# WHAT YOU SHOULD DO
Your answer should be the lines from the start of the records through the line with "using assms differentiable_def by blast", copied word for word.

======== SUPPLIED ENTRIES ========

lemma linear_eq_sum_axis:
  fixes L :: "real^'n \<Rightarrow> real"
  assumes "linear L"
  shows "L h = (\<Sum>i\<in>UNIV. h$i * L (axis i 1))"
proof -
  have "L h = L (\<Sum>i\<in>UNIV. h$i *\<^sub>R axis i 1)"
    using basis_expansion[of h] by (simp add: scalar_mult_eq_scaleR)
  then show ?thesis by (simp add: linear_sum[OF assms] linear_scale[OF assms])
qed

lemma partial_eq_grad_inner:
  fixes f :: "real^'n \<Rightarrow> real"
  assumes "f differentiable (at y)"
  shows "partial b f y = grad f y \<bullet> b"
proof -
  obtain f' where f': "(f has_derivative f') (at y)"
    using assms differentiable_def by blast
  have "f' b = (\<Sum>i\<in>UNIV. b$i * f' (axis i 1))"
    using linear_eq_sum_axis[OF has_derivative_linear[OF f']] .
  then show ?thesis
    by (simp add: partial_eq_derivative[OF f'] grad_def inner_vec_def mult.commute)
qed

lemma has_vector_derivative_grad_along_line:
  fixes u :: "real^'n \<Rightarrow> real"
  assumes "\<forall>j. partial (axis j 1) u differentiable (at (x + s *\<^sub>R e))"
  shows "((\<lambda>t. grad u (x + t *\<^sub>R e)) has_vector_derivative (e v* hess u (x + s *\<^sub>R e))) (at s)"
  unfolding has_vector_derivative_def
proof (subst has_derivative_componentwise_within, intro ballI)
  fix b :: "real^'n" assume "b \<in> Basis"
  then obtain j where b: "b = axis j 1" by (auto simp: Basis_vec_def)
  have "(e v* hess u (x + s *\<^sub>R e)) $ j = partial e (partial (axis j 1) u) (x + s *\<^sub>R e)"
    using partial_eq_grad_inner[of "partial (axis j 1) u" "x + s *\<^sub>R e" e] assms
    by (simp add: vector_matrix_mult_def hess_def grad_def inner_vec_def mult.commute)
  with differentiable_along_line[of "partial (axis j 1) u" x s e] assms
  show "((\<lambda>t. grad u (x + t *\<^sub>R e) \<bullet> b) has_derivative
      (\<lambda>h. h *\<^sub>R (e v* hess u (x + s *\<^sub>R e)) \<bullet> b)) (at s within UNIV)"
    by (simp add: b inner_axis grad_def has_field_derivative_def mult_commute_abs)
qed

========

# RESULT FOR THIS TASK
lemma linear_eq_sum_axis:
  fixes L :: "real^'n \<Rightarrow> real"
  assumes "linear L"
  shows "L h = (\<Sum>i\<in>UNIV. h$i * L (axis i 1))"
proof -
  have "L h = L (\<Sum>i\<in>UNIV. h$i *\<^sub>R axis i 1)"
    using basis_expansion[of h] by (simp add: scalar_mult_eq_scaleR)
  then show ?thesis by (simp add: linear_sum[OF assms] linear_scale[OF assms])
qed

lemma partial_eq_grad_inner:
  fixes f :: "real^'n \<Rightarrow> real"
  assumes "f differentiable (at y)"
  shows "partial b f y = grad f y \<bullet> b"
proof -
  obtain f' where f': "(f has_derivative f') (at y)"
    using assms differentiable_def by blast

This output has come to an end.